## Your objective
Where a line in the material below has the string "ultimately", please report it.

+++++

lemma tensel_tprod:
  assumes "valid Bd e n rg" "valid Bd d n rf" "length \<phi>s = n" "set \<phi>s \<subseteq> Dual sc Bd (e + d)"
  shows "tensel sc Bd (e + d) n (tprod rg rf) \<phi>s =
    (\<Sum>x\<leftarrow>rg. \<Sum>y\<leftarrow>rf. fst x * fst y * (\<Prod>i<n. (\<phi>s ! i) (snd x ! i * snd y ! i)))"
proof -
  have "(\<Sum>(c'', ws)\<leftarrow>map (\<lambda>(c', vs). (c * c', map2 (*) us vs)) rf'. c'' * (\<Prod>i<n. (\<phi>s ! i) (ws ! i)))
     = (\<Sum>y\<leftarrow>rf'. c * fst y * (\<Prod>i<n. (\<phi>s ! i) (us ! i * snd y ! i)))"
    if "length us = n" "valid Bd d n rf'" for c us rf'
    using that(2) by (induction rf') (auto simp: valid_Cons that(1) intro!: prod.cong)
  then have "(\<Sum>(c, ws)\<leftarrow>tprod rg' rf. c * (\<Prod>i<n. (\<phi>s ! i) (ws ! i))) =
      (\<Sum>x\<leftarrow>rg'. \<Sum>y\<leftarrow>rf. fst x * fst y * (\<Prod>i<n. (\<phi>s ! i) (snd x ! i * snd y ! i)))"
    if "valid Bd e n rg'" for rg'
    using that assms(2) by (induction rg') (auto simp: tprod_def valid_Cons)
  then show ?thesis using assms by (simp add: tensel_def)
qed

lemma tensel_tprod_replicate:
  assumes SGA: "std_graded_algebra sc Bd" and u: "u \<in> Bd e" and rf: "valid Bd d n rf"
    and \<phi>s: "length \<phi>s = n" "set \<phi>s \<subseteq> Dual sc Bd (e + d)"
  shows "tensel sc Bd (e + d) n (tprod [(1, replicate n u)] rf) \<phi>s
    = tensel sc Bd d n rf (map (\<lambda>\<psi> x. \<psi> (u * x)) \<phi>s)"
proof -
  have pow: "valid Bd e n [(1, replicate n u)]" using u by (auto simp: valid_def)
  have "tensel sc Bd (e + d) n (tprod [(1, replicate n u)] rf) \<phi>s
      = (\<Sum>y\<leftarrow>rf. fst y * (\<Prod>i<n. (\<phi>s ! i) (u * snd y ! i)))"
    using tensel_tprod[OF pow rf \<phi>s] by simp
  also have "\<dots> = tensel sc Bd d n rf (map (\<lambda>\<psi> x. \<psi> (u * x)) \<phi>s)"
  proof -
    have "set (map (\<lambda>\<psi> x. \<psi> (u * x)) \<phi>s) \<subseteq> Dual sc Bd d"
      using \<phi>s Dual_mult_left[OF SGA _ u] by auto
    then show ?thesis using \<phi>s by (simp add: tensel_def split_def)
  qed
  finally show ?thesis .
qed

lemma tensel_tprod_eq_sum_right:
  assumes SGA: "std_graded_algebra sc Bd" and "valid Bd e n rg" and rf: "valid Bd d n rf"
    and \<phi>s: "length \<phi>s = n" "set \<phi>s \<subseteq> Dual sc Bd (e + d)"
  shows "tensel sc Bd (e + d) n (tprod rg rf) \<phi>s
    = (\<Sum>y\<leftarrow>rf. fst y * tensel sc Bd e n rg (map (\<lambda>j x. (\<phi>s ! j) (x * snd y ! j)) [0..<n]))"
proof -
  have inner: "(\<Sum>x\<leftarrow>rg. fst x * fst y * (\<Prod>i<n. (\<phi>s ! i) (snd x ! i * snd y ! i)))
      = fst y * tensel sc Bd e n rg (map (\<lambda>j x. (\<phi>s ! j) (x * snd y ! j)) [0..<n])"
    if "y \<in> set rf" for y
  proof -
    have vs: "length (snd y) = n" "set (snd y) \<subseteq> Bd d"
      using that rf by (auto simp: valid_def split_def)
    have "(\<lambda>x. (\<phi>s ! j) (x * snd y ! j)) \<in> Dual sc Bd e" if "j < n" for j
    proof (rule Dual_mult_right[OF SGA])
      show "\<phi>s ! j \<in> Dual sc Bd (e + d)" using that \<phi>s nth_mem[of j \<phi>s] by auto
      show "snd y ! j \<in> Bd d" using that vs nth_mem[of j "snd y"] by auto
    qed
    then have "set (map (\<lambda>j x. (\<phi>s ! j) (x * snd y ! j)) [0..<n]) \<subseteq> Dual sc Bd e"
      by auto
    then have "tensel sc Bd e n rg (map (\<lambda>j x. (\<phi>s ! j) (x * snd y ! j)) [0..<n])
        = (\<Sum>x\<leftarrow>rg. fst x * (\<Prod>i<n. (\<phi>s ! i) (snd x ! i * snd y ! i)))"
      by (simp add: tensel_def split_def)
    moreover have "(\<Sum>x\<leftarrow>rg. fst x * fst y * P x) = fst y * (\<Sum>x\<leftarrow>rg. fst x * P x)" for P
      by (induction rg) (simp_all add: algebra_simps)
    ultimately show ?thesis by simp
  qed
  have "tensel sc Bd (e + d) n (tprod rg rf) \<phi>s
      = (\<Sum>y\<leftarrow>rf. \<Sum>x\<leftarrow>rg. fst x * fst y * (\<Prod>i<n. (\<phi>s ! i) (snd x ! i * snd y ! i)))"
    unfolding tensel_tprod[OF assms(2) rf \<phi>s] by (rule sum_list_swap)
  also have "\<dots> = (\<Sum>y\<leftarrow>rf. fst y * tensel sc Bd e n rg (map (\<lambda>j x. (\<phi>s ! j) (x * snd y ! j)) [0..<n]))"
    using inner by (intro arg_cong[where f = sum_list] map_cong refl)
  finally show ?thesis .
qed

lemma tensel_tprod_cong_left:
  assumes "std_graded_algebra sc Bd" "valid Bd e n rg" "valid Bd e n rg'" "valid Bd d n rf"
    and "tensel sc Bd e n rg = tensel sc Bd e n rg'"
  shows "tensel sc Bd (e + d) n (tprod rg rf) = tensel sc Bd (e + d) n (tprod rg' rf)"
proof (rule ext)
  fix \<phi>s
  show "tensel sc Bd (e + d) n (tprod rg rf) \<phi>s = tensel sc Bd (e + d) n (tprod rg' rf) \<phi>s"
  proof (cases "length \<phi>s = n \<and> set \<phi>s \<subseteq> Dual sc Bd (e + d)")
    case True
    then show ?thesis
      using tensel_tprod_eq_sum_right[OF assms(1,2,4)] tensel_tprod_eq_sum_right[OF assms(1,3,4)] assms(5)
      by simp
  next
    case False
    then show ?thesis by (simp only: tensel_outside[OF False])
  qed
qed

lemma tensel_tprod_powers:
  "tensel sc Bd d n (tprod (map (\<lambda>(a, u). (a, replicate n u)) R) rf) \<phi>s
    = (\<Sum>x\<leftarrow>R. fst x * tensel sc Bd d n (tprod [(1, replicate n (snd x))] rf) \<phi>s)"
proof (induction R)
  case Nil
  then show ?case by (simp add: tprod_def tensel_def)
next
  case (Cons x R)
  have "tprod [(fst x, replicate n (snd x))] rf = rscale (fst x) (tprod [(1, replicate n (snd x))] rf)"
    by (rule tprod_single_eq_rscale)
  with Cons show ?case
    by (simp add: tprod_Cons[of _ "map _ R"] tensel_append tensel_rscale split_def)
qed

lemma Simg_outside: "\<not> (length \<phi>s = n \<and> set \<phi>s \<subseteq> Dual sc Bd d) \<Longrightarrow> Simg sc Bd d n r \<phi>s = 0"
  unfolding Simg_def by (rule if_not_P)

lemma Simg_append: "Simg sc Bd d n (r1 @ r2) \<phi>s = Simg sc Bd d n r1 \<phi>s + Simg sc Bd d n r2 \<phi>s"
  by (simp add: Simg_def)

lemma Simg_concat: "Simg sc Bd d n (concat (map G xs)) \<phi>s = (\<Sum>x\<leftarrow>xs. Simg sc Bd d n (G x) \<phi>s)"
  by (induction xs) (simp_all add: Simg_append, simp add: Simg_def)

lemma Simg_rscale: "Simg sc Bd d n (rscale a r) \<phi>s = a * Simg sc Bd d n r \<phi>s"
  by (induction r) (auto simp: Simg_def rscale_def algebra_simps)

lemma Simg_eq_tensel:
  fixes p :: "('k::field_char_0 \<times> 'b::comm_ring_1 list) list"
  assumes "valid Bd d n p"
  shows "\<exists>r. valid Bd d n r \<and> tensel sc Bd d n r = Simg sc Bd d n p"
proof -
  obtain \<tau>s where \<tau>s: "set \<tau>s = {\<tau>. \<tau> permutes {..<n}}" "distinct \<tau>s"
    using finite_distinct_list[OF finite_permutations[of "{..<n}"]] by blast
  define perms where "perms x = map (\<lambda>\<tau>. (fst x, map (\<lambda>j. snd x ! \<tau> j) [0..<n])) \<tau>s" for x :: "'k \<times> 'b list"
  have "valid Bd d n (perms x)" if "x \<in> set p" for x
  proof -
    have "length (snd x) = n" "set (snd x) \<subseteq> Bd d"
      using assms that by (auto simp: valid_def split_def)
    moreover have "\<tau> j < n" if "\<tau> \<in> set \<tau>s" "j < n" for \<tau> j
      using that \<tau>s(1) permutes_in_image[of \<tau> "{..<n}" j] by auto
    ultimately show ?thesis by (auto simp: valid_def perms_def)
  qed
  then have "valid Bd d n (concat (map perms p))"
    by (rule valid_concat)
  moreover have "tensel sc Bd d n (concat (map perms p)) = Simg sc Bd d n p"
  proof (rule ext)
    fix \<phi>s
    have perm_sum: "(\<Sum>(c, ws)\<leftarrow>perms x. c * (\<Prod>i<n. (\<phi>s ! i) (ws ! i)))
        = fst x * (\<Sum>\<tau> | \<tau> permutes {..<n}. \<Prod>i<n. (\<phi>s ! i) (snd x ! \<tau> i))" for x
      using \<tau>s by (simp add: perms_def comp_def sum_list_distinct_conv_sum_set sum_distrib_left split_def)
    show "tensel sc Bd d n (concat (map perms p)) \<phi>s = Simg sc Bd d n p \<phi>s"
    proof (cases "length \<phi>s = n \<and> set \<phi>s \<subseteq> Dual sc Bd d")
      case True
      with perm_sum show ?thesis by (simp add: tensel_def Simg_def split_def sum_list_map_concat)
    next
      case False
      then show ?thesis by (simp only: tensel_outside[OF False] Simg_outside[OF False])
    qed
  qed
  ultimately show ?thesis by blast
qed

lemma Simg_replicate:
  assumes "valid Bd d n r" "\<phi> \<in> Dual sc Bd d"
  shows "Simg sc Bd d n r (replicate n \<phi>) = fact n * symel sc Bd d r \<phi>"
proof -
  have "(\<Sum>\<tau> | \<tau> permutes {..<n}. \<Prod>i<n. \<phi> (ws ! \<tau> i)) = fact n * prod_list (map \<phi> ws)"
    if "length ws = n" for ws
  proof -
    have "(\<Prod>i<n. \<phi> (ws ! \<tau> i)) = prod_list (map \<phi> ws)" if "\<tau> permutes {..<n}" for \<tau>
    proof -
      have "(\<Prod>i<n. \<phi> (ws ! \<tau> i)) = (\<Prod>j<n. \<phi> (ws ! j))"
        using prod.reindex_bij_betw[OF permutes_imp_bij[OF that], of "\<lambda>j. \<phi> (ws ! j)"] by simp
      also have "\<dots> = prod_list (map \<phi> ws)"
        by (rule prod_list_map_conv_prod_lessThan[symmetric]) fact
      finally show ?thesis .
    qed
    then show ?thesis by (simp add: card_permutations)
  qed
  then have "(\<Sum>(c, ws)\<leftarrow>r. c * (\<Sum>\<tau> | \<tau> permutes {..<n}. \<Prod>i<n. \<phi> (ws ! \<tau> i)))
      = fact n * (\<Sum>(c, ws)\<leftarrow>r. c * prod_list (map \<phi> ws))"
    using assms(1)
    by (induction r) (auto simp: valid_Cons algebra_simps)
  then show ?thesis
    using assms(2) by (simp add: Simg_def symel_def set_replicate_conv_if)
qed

+++++

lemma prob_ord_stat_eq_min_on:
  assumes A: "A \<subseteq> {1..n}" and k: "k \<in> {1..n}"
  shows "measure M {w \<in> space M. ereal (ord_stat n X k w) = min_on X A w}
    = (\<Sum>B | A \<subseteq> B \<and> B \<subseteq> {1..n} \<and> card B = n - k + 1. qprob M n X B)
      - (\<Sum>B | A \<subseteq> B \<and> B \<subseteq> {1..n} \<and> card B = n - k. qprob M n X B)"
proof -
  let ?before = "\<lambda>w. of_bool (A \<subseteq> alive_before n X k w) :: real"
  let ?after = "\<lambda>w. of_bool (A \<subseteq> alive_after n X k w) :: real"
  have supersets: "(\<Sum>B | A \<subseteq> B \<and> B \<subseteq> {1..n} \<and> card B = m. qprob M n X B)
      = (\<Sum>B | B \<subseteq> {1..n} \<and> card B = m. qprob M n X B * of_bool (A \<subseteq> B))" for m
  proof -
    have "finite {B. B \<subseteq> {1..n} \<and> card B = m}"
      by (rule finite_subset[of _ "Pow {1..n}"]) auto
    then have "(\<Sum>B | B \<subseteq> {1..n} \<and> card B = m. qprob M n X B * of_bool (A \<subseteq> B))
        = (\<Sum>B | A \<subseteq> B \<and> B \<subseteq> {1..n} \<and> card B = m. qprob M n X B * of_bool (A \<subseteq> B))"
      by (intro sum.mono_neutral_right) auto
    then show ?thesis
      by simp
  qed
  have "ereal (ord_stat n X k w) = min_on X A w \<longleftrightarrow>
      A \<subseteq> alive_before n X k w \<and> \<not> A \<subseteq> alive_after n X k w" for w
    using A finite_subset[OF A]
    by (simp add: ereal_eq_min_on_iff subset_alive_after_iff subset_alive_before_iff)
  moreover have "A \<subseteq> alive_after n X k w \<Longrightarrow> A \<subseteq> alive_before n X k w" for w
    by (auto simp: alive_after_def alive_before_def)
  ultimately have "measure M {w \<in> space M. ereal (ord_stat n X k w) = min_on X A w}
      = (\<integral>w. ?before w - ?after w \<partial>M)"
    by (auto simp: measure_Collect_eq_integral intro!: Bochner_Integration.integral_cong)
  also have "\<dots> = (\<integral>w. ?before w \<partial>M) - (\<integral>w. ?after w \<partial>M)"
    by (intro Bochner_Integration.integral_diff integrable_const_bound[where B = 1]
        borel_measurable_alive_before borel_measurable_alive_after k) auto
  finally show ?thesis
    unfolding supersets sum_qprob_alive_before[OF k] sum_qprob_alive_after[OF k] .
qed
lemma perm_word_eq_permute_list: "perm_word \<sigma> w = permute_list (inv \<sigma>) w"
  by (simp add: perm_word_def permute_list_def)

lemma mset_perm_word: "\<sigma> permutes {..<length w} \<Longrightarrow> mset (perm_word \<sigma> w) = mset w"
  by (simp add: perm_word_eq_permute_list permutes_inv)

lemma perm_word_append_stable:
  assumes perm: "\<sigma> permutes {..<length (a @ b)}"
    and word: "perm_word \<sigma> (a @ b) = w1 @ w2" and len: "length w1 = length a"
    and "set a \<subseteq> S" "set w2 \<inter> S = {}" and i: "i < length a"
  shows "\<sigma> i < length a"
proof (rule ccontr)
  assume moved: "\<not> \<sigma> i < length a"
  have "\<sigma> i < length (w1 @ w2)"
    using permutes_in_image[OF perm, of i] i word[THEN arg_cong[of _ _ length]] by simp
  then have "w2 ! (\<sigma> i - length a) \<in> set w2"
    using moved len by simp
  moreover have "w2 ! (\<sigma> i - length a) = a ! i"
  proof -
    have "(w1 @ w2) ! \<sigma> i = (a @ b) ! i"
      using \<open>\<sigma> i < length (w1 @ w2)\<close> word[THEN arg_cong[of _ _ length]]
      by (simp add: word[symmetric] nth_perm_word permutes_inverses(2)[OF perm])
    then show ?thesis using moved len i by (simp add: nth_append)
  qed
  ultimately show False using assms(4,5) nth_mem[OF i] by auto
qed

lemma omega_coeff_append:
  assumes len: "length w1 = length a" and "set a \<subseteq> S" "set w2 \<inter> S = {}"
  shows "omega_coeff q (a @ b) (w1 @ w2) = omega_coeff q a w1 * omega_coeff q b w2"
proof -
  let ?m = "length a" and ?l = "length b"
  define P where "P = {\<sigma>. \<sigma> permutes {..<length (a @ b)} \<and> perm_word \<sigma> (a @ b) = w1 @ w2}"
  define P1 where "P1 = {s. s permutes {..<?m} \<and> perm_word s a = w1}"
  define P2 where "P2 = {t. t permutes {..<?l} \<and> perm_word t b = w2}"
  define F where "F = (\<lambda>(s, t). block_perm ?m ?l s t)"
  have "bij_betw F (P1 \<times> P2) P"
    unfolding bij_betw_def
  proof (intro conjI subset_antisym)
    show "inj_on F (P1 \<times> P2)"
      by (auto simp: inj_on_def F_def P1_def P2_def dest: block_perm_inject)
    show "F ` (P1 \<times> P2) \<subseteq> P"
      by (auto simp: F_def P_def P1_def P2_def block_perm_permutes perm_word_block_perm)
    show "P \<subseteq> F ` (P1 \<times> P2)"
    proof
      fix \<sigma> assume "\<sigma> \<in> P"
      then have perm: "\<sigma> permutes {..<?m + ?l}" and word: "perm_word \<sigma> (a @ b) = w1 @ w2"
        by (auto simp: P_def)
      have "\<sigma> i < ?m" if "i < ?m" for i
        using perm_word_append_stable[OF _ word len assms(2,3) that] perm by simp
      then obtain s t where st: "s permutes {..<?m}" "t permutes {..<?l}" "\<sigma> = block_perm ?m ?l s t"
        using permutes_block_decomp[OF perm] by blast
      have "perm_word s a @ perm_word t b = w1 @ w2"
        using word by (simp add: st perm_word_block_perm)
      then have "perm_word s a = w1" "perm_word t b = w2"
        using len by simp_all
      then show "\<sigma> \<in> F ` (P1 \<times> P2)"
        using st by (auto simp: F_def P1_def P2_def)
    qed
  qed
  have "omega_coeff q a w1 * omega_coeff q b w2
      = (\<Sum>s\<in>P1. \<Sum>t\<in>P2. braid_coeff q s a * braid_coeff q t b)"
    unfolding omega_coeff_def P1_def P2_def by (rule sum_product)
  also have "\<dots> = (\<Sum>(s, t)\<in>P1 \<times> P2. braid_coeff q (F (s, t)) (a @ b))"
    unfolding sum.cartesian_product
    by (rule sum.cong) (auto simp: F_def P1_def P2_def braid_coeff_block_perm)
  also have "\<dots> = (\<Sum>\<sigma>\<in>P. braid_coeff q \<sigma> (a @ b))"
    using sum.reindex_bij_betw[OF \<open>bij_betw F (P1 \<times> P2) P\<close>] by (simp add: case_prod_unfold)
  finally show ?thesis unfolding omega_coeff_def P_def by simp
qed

+++++

## Response to the exercise
    ultimately show ?thesis by simp
    ultimately show ?thesis by (auto simp: valid_def perms_def)
  ultimately show ?thesis by blast
  ultimately have "measure M {w \<in> space M. ereal (ord_stat n X k w) = min_on X A w}
  ultimately show False using assms(4,5) nth_mem[OF i] by auto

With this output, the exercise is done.